“Time Pieces” is a collaborative installation by Gabriel Cohen and Ben Babbitt that explores the structure and perception of time through sound, sculpture, and collective experience.
At its core is a twelve-hour ambient composition by Babbitt, originally created to accompany Cohen’s large-scale clock tower sculpture. The piece unfolds in hourly movements, tracking time through shifting tonal patterns, phasing pulses, and moments of disruption—like time itself slipping, stretching, and reforming.

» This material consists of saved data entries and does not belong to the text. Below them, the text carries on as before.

(* Consider $\dot y=A(t)y+B(t)(u+\Delta(y,t))$, $y\in\mathbb{R}^{\bar n}$, $u\in\mathbb{R}^{\bar m}$, with continuous, bounded, $T$-periodic $A,B$ and unknown bounded $\Delta$, and a continuous $T$-periodic $K(t)$ such that the origin of $\dot\chi=A^{cl}(t)\chi$, $A^{cl}=A+BK$, is exponentially stable, with state-transition matrix $\Psi_{A^{cl}}$. Let $(L(t),F)$ be a real $cT$-periodic Floquet--Lyapunov factorization of this closed-loop system for some positive integer $c$, i.e. $\Psi_{A^{cl}}(t,0)=L(t)e^{Ft}$ with $F$ real constant and $L$ real, nonsingular, $\mathcal{C}^1$, $L(t+cT)=L(t)$. Suppose $F$ has a real invariant subspace $\Lambda$ of codimension $\bar m$ ($F\Lambda\subseteq\Lambda$), and let $\hat S\in\mathbb{R}^{\bar m\times\bar n}$ be a full-rank left annihilator of $\Lambda$. If $S(t):=\hat S L^{-1}(t)$ satisfies $\operatorname{rank}[S(t)B(t)]=\bar m$ for all $t\in[0,cT)$, then forward invariance of $S(t)y(t)\equiv0$ for $t\ge t_0$ corresponds to the system experiencing the equivalent control $u_{eq}(t)=K(t)y(t)-\Delta(y(t),t)$ for all $t\ge t_0$.
   Context: Equivalent control: the control obtained from requiring $\frac{d}{dt}(S(t)y(t))\equiv0$ along motions satisfying $S(t)y(t)=0$. *)

theory Defs
  imports "HOL-Analysis.Analysis"
begin

definition mpow :: "real^'n^'n \<Rightarrow> nat \<Rightarrow> real^'n^'n" where
  "mpow M k = ((\<lambda>X. X ** M) ^^ k) (mat 1)"

definition mexp :: "real^'n^'n \<Rightarrow> real^'n^'n" where
  "mexp M = (\<Sum>k. (1 / fact k) *\<^sub>R mpow M k)"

For this new presentation at NOON Projects, the installation has been reimagined and expanded. Multiple synchronized sound systems transmit the composition via FM signal, creating a spatially immersive environment. At sunset, a new choral work by Babbitt will premiere, performed live by twelve singers who echo, extend, and reframe the original score—activating the space as both a timekeeper and a vessel for shared resonance.
A limited-edition 12-CD box set will be available, featuring a newly reworked version of the original composition and original artwork by Cohen.
Ben Babbitt is a composer and producer based in Los Angeles whose work spans live performance, studio albums, DJ mixes, film and video game music, and collaborations with other artists including Eartheater, Martine Syms, Zia Anger, Bapari, Colin Self, and new music ensemble Wild Up. In 2024 he began performing and releasing music under the moniker Enhancement and together with writer Steph Kretowicz makes up the band Ultra Instinct. His work as both a solo artist and collaborator has been presented at the V&A Museum, London; the Art Institute of Chicago; SCI-ARC, Los Angeles; Perth Institute of Contemporary Arts; MOMA, NYC; 3HD Festival, Berlin; and the Getty Museum, Los Angeles.
Gabriel Cohen is an artist based in Los Angeles, CA. The core of Cohen's artistic practice is the speculative completion of the projects of artists associated with Acephale in the 1930's and artists working within the parameters of minimalism in the 1960's (and his perception of their mutual interest in the reunification of a fractured world). Cohen's conceives of his work as being expressly political, addressing the queer subject within western history, the contemplation of death - and in particular its association with queer life -, and the existence of the self within the collective.